++++ Provided records ++++
text \<open>Cartan's invariant classifies triples of boundary points not on a common \<open>\<complex>\<close>-circle:
  after rescaling the lifts of the \<open>q\<^sub>i\<close> the two Gram matrices agree. The middle scalar is real,
  and equality of the invariants makes the required value of its square positive.\<close>

lemma U21_map_if_cartan_eq:
  assumes p: "distinct [p1, p2, p3]" "det3 (lift p1) (lift p2) (lift p3) \<noteq> 0"
    and q: "distinct [q1, q2, q3]"
    and cartan: "cartan p1 p2 p3 = cartan q1 q2 q3"
  shows "\<exists>A\<in>U21. \<exists>c1 c2 c3. c1 \<noteq> 0 \<and> c2 \<noteq> 0 \<and> c3 \<noteq> 0 \<and>
           A *v lift p1 = c1 *s lift q1 \<and> A *v lift p2 = c2 *s lift q2 \<and> A *v lift p3 = c3 *s lift q3"
proof -
  define h12 h23 h13 where "h12 = herm (lift p1) (lift p2)" and "h23 = herm (lift p2) (lift p3)"
    and "h13 = herm (lift p1) (lift p3)"
  define k12 k23 k13 where "k12 = herm (lift q1) (lift q2)" and "k23 = herm (lift q2) (lift q3)"
    and "k13 = herm (lift q1) (lift q3)"
  have nz: "h12 \<noteq> 0" "h23 \<noteq> 0" "h13 \<noteq> 0" "k12 \<noteq> 0" "k23 \<noteq> 0" "k13 \<noteq> 0"
    using p q by (auto simp: h12_def h23_def h13_def k12_def k23_def k13_def herm_lift_eq_0_iff)
  have "- k12 * k23 * cnj k13 \<noteq> 0" "- h12 * h23 * cnj h13 \<noteq> 0" using nz by simp_all
  moreover have "Arg (- h12 * h23 * cnj h13) = Arg (- k12 * k23 * cnj k13)"
    using cartan by (simp add: cartan_def h12_def h23_def h13_def k12_def k23_def k13_def herm_swap[of "lift p3"]
        herm_swap[of "lift q3"])
  ultimately obtain t where t: "t > 0" "- k12 * k23 * cnj k13 = complex_of_real t * (- h12 * h23 * cnj h13)"
    using positive_multiple_if_Arg_eq by metis
  have "k12 * k23 * cnj k13 = complex_of_real t * (h12 * h23 * cnj h13)" using t(2) by simp
  then obtain \<rho> where "\<rho> > 0" and key: "complex_of_real \<rho> * complex_of_real \<rho> * (k12 * k23 * h13) = h12 * h23 * k13"
    using real_rescaling_of_triple t(1) nz by blast
  define r where "r = complex_of_real \<rho>"
  have r: "r \<noteq> 0" "cnj r = r" using \<open>\<rho> > 0\<close> by (simp_all add: r_def)
  define c1 c3 where "c1 = h12 / (r * k12)" and "c3 = cnj (h23 / (r * k23))"
  have c: "c1 \<noteq> 0" "c3 \<noteq> 0" using r nz by (simp_all add: c1_def c3_def)
  have "herm (c1 *s lift q1) (r *s lift q2) = h12" "herm (r *s lift q2) (c3 *s lift q3) = h23"
    "herm (c1 *s lift q1) (c3 *s lift q3) = h13"
    using r nz key[folded r_def] by (simp_all add: herm_scale_left herm_scale_right c1_def c3_def
        k12_def[symmetric] k23_def[symmetric] k13_def[symmetric] field_simps)
  moreover have "herm (c1 *s lift q1) (c1 *s lift q1) = herm (lift p1) (lift p1)"
    "herm (r *s lift q2) (r *s lift q2) = herm (lift p2) (lift p2)"
    "herm (c3 *s lift q3) (c3 *s lift q3) = herm (lift p3) (lift p3)"
    by (simp_all add: herm_scale_left herm_scale_right herm_lift_self)
  ultimately obtain A where "A \<in> U21" "A *v lift p1 = c1 *s lift q1" "A *v lift p2 = r *s lift q2"
      "A *v lift p3 = c3 *s lift q3"
    using U21_of_equal_gram[OF p(2)] unfolding h12_def h23_def h13_def by metis
  thus ?thesis using c r by blast
qed
(* With the matrices defined in the context, $\mathbf{A_N}$ is invertible and $$\mathbf{A_N}^{-1}=(\mathbf{B}^T\mathbf{B})^\dagger+(\mathbf{C}^T\mathbf{C})^\dagger .$$
   Context: Fix an integer $n\ge 2$ and set $h=1/n$. Let $I_m$ denote the $m\times m$ identity matrix and $\otimes$ the Kronecker product. Let $\mathrm{B}\in\mathbb{R}^{n\times(n-1)}$ be $\mathrm{B}=\frac1h M$, where $M_{i,i}=1$ and $M_{i+1,i}=-1$ for $1\le i\le n-1$, all other entries $0$. Define $\mathrm{B}^u_x=I_n\otimes \mathrm{B}$, $\mathrm{B}^v_y=\mathrm{B}\otimes I_n$, $\mathrm{B}^q_x=I_{n-1}\otimes\mathrm{B}$, $\mathrm{B}^q_y=\mathrm{B}\otimes I_{n-1}$. Let $\mathbf{B}=\begin{bmatrix}-\mathrm{B}^u_x & -\mathrm{B}^v_y\end{bmatrix}\in\mathbb{R}^{n^2\times 2n(n-1)}$ and $\mathbf{C}=\begin{bmatrix}-(\mathrm{B}^q_y)^T & (\mathrm{B}^q_x)^T\end{bmatrix}\in\mathbb{R}^{(n-1)^2\times 2n(n-1)}$, and let $\mathbf{A_N}=\mathbf{B}^T\mathbf{B}+\mathbf{C}^T\mathbf{C}$ (the Neumann velocity Laplacian). The superscript $\dagger$ denotes the Moore–Penrose pseudoinverse. *)

theory Defs
  imports "Jordan_Normal_Form.Matrix"
begin

definition kron :: "'a::times mat \<Rightarrow> 'a mat \<Rightarrow> 'a mat" where
  "kron A B = mat (dim_row A * dim_row B) (dim_col A * dim_col B)
     (\<lambda>(i,j). A $$ (i div dim_row B, j div dim_col B) * B $$ (i mod dim_row B, j mod dim_col B))"

definition hcat :: "'a mat \<Rightarrow> 'a mat \<Rightarrow> 'a mat" where
  "hcat X Y = mat (dim_row X) (dim_col X + dim_col Y)
     (\<lambda>(i,j). if j < dim_col X then X $$ (i,j) else Y $$ (i, j - dim_col X))"
lemma eig_sum_uminus:
  assumes B: "B \<in> carrier_mat n n" and u: "u \<in> eig_sum n B p"
  shows "- u \<in> eig_sum n B p"
proof -
  obtain vs where u: "u = foldr (+) vs (0\<^sub>v n)"
    and vs: "\<forall>v\<in>set vs. v \<in> carrier_vec n \<and> (\<exists>c. poly p c = 0 \<and> B *\<^sub>v v = c \<cdot>\<^sub>v v)"
    using assms unfolding eig_sum_def by blast
  have "B *\<^sub>v (- v) = c \<cdot>\<^sub>v (- v)" if v: "v \<in> carrier_vec n" and Bv: "B *\<^sub>v v = c \<cdot>\<^sub>v v" for v c
  proof (rule eq_vecI)
    fix i
    assume "i < dim_vec (c \<cdot>\<^sub>v - v)"
    moreover have "(B *\<^sub>v v) $ i = (c \<cdot>\<^sub>v v) $ i"
      by (simp only: Bv)
    ultimately show "(B *\<^sub>v - v) $ i = (c \<cdot>\<^sub>v - v) $ i"
      using B v by (simp add: scalar_prod_uminus_right)
  qed (use B v in auto)
  then have "\<forall>v\<in>set (map uminus vs). v \<in> carrier_vec n \<and> (\<exists>c. poly p c = 0 \<and> B *\<^sub>v v = c \<cdot>\<^sub>v v)"
    using vs by fastforce
  moreover have "- u = foldr (+) (map uminus vs) (0\<^sub>v n)"
    using vs by (simp add: u foldr_add_vec_map_uminus)
  ultimately show ?thesis
    unfolding eig_sum_def by blast
qed

lemma eigenvector_mem_eig_sum:
  "v \<in> carrier_vec n \<Longrightarrow> B *\<^sub>v v = c \<cdot>\<^sub>v v \<Longrightarrow> poly p c = 0 \<Longrightarrow> v \<in> eig_sum n B p"
  unfolding eig_sum_def by (intro CollectI exI[of _ "[v]"]) auto

lemma eig_sum_eigenvector_summands:
  assumes "B \<in> carrier_mat n n" and "u \<in> eig_sum n B p"
  shows "\<exists>vs. u = foldr (+) vs (0\<^sub>v n) \<and> (\<forall>v\<in>set vs. \<exists>c. poly p c = 0 \<and> eigenvector B v c)"
proof -
  obtain vs where u: "u = foldr (+) vs (0\<^sub>v n)"
    and vs: "\<forall>v\<in>set vs. v \<in> carrier_vec n \<and> (\<exists>c. poly p c = 0 \<and> B *\<^sub>v v = c \<cdot>\<^sub>v v)"
    using assms unfolding eig_sum_def by blast
  have "foldr (+) (filter (\<lambda>v. v \<noteq> 0\<^sub>v n) ws) (0\<^sub>v n) = foldr (+) ws (0\<^sub>v n)"
    if "\<forall>v\<in>set ws. v \<in> carrier_vec n" for ws :: "complex vec list"
    using that by (induction ws) (auto simp: foldr_add_vec_carrier)
  then have "u = foldr (+) (filter (\<lambda>v. v \<noteq> 0\<^sub>v n) vs) (0\<^sub>v n)"
    using u vs by simp
  with vs assms(1) show ?thesis
    by (intro exI[of _ "filter (\<lambda>v. v \<noteq> 0\<^sub>v n) vs"]) (auto simp: eigenvector_def)
qed

lemma eig_sum_mono:
  assumes "B \<in> carrier_mat n n" and "\<And>c. eigenvalue B c \<Longrightarrow> poly p c = 0 \<Longrightarrow> poly q c = 0"
  shows "eig_sum n B p \<subseteq> eig_sum n B q"
proof
  fix u
  assume "u \<in> eig_sum n B p"
  then obtain vs where "u = foldr (+) vs (0\<^sub>v n)"
    and "\<forall>v\<in>set vs. \<exists>c. poly p c = 0 \<and> eigenvector B v c"
    using eig_sum_eigenvector_summands[OF assms(1)] by blast
  then show "u \<in> eig_sum n B q"
    using assms unfolding eig_sum_def eigenvalue_def eigenvector_def by blast
qed

lemma eig_sum_nonzero_imp_root:
  "u \<in> eig_sum n B p \<Longrightarrow> u \<noteq> 0\<^sub>v n \<Longrightarrow> \<exists>c. poly p c = 0"
  unfolding eig_sum_def by (auto simp: neq_Nil_conv)
lemma denominators_at_bad_prime:
  fixes a b c d :: int
  assumes eq: "c * (c + 11 * d) * b ^ 3 = (a ^ 3 + 11 * a ^ 2 * b + 33 * a * b ^ 2) * d ^ 2"
    and cab: "coprime a b" and ccd: "coprime c d" and b: "b \<noteq> 0" and d: "d \<noteq> 0"
    and p: "prime p" and pb: "p dvd b"
  shows "\<not> p dvd a" and "\<not> p dvd c"
    and "3 * multiplicity p b = 2 * multiplicity p d"
proof -
  define A where "A = a ^ 3 + 11 * a ^ 2 * b + 33 * a * b ^ 2"
  have pe: "prime_elem p" using p by (rule prime_imp_prime_elem)
  show pna: "\<not> p dvd a" using prime_not_dvd_both[OF cab p pb] .
  have pnA: "\<not> p dvd A"
  proof
    assume "p dvd A"
    moreover have "p dvd 11 * a ^ 2 * b + 33 * a * b ^ 2" using pb
      by (intro dvd_add) (simp_all add: power2_eq_square)
    ultimately have "p dvd A - (11 * a ^ 2 * b + 33 * a * b ^ 2)" by (rule dvd_diff)
    hence "p dvd a ^ 3" unfolding A_def by simp
    thus False using pna p prime_dvd_power by blast
  qed
  have "p dvd A * d ^ 2" unfolding A_def eq[symmetric] using pb by (simp add: power3_eq_cube)
  hence pd: "p dvd d" using pnA p prime_dvd_multD prime_dvd_power by blast
  show pnc: "\<not> p dvd c" using prime_not_dvd_both[OF ccd p pd] .
  have pnc11: "\<not> p dvd c + 11 * d"
    using pnc pd by (metis dvd_add_left_iff dvd_mult)
  have c0: "c \<noteq> 0" and c11: "c + 11 * d \<noteq> 0" and A0: "A \<noteq> 0"
    using pnc pnc11 pnA by auto
  have "multiplicity p (c * (c + 11 * d) * b ^ 3) = 3 * multiplicity p b"
    using pnc pnc11 b c0 c11
    by (simp add: prime_elem_multiplicity_mult_distrib[OF pe]
          prime_elem_multiplicity_power_distrib[OF pe] not_dvd_imp_multiplicity_0)
  moreover have "multiplicity p (A * d ^ 2) = 2 * multiplicity p d"
    using pnA d A0
    by (simp add: prime_elem_multiplicity_mult_distrib[OF pe]
          prime_elem_multiplicity_power_distrib[OF pe] not_dvd_imp_multiplicity_0)
  ultimately show "3 * multiplicity p b = 2 * multiplicity p d" using eq unfolding A_def by simp
qed
(* (a) The set of pairs $(z,d)\in\omega^\omega\times\mathbb{R}^{\omega\times\omega}$ such that $d$ is a metric on $\omega$ and $z$ is a Cauchy sequence in $\langle\omega,d\rangle$ is $\boldsymbol{\Pi}^0_3$. (b) The set of triples $(g,d,d')\in\omega^\omega\times(\mathbb{R}^{\omega\times\omega})^2$ such that $d,d'$ are metrics on $\omega$ and $g:\langle\omega,d\rangle\to\langle\omega,d'\rangle$ is continuous is $\boldsymbol{\Pi}^0_3$. (c) $\mathcal{C}(\omega)$ is $\boldsymbol{\Pi}^1_1$ in $\omega^\omega\times(\mathbb{R}^{\omega\times\omega})^2$. (d) The relation $\preceq_{\mathrm{cdi}}$ on $\mathcal{C}(\omega)$, viewed as a subset of $(\omega^\omega)^2\times(\mathbb{R}^{\omega\times\omega})^4$, is the intersection of a $\boldsymbol{\Sigma}^1_1$ set and a $\boldsymbol{\Pi}^1_1$ set. (e) The relation $\approx_{\mathrm{cdi}}$ on $\mathcal{C}(\omega)$, viewed as a subset of $(\omega^\omega)^2\times(\mathbb{R}^{\omega\times\omega})^4$, is the intersection of a $\boldsymbol{\Sigma}^1_1$ set and a $\boldsymbol{\Pi}^1_1$ set.
   Context: Metrics on $\omega$ are viewed as elements of $\mathbb{R}^{\omega\times\omega}$; functions $\omega\to\omega$ and sequences in $\omega$ are elements of $\omega^\omega$. A dense isometry is a distance-preserving map (not necessarily onto) with dense image. A function between metric spaces is Cauchy-continuous if it maps Cauchy sequences to Cauchy sequences. $\mathcal{C}(\omega)$ is the set of triples $(g,d,d')$ where $d,d'$ are metrics on $\omega$ and $g:\langle\omega,d\rangle\to\langle\omega,d'\rangle$ is Cauchy-continuous. On $\mathcal{C}(\omega)$: $(g_0,d_0,d'_0)\preceq_{\mathrm{cdi}}(g_1,d_1,d'_1)$ iff there are dense isometries $\iota:\langle\omega,d_0\rangle\to\langle\omega,d_1\rangle$ and $\iota':\langle\omega,d'_0\rangle\to\langle\omega,d'_1\rangle$ with $\iota'\circ g_0=g_1\circ\iota$; and $(g_0,d_0,d'_0)\approx_{\mathrm{cdi}}(g_1,d_1,d'_1)$ iff there is $(g,d,d')\in\mathcal{C}(\omega)$ with $(g_e,d_e,d'_e)\preceq_{\mathrm{cdi}}(g,d,d')$ for each $e\in\{0,1\}$. *)

theory Defs
  imports "HOL-Analysis.Analysis"
begin

type_synonym nseq = "nat \<Rightarrow> nat"
type_synonym nmat = "nat \<times> nat \<Rightarrow> real"

fun Borel_Sigma :: "nat \<Rightarrow> 'a::topological_space set set" where
  "Borel_Sigma 0 = {}"
| "Borel_Sigma (Suc 0) = {S. open S}"
| "Borel_Sigma (Suc (Suc n)) =
     {(\<Union>i. A i) | A :: nat \<Rightarrow> 'a set. \<forall>i. - A i \<in> Borel_Sigma (Suc n)}"

definition Borel_Pi :: "nat \<Rightarrow> 'a::topological_space set set" where
  "Borel_Pi n = {S. - S \<in> Borel_Sigma n}"

definition Sigma11 :: "'a::topological_space set set" where
  "Sigma11 = {fst ` C | C :: ('a \<times> (nat \<Rightarrow> nat)) set. closed C}"

definition Pi11 :: "'a::topological_space set set" where
  "Pi11 = {S. - S \<in> Sigma11}"

definition metric_on_nat :: "nmat \<Rightarrow> bool" where
  "metric_on_nat d \<longleftrightarrow>
     (\<forall>x y. 0 \<le> d (x, y)) \<and> (\<forall>x y. d (x, y) = 0 \<longleftrightarrow> x = y) \<and>
     (\<forall>x y. d (x, y) = d (y, x)) \<and> (\<forall>x y z. d (x, z) \<le> d (x, y) + d (y, z))"

definition cauchy_in :: "nmat \<Rightarrow> nseq \<Rightarrow> bool" where
  "cauchy_in d z \<longleftrightarrow> (\<forall>e>0. \<exists>N. \<forall>m\<ge>N. \<forall>n\<ge>N. d (z m, z n) < e)"

definition continuous_wrt :: "nmat \<Rightarrow> nmat \<Rightarrow> nseq \<Rightarrow> bool" where
  "continuous_wrt d d' g \<longleftrightarrow>
     (\<forall>x. \<forall>e>0. \<exists>\<delta>>0. \<forall>y. d (x, y) < \<delta> \<longrightarrow> d' (g x, g y) < e)"

definition cauchy_continuous_wrt :: "nmat \<Rightarrow> nmat \<Rightarrow> nseq \<Rightarrow> bool" where
  "cauchy_continuous_wrt d d' g \<longleftrightarrow> (\<forall>z. cauchy_in d z \<longrightarrow> cauchy_in d' (g \<circ> z))"

definition dense_isometry :: "nmat \<Rightarrow> nmat \<Rightarrow> nseq \<Rightarrow> bool" where
  "dense_isometry d0 d1 \<iota> \<longleftrightarrow>
     (\<forall>x y. d1 (\<iota> x, \<iota> y) = d0 (x, y)) \<and> (\<forall>y. \<forall>e>0. \<exists>x. d1 (\<iota> x, y) < e)"

definition C_omega :: "(nseq \<times> nmat \<times> nmat) set" where
  "C_omega = {(g, d, d'). metric_on_nat d \<and> metric_on_nat d' \<and> cauchy_continuous_wrt d d' g}"

definition cdi_le :: "nseq \<times> nmat \<times> nmat \<Rightarrow> nseq \<times> nmat \<times> nmat \<Rightarrow> bool" where
  "cdi_le p q \<longleftrightarrow> p \<in> C_omega \<and> q \<in> C_omega \<and>
     (case p of (g0, d0, d0') \<Rightarrow> case q of (g1, d1, d1') \<Rightarrow>
        (\<exists>\<iota> \<iota>'. dense_isometry d0 d1 \<iota> \<and> dense_isometry d0' d1' \<iota>' \<and> \<iota>' \<circ> g0 = g1 \<circ> \<iota>))"

definition cdi_approx :: "nseq \<times> nmat \<times> nmat \<Rightarrow> nseq \<times> nmat \<times> nmat \<Rightarrow> bool" where
  "cdi_approx p q \<longleftrightarrow> p \<in> C_omega \<and> q \<in> C_omega \<and>
     (\<exists>r\<in>C_omega. cdi_le p r \<and> cdi_le q r)"

definition rel_set :: "(nseq \<times> nmat \<times> nmat \<Rightarrow> nseq \<times> nmat \<times> nmat \<Rightarrow> bool)
    \<Rightarrow> ((nseq \<times> nseq) \<times> (nmat \<times> nmat \<times> nmat \<times> nmat)) set" where
  "rel_set R = {((g0, g1), (d0, d0', d1, d1')). R (g0, d0, d0') (g1, d1, d1')}"

end

theory Submission
  imports Defs
begin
++++
Problem details:
Copy out, from the material above, each line where the word "that" is present.

Task result:
    using that by (induction ws) (auto simp: foldr_add_vec_carrier)
(* (a) The set of pairs $(z,d)\in\omega^\omega\times\mathbb{R}^{\omega\times\omega}$ such that $d$ is a metric on $\omega$ and $z$ is a Cauchy sequence in $\langle\omega,d\rangle$ is $\boldsymbol{\Pi}^0_3$. (b) The set of triples $(g,d,d')\in\omega^\omega\times(\mathbb{R}^{\omega\times\omega})^2$ such that $d,d'$ are metrics on $\omega$ and $g:\langle\omega,d\rangle\to\langle\omega,d'\rangle$ is continuous is $\boldsymbol{\Pi}^0_3$. (c) $\mathcal{C}(\omega)$ is $\boldsymbol{\Pi}^1_1$ in $\omega^\omega\times(\mathbb{R}^{\omega\times\omega})^2$. (d) The relation $\preceq_{\mathrm{cdi}}$ on $\mathcal{C}(\omega)$, viewed as a subset of $(\omega^\omega)^2\times(\mathbb{R}^{\omega\times\omega})^4$, is the intersection of a $\boldsymbol{\Sigma}^1_1$ set and a $\boldsymbol{\Pi}^1_1$ set. (e) The relation $\approx_{\mathrm{cdi}}$ on $\mathcal{C}(\omega)$, viewed as a subset of $(\omega^\omega)^2\times(\mathbb{R}^{\omega\times\omega})^4$, is the intersection of a $\boldsymbol{\Sigma}^1_1$ set and a $\boldsymbol{\Pi}^1_1$ set.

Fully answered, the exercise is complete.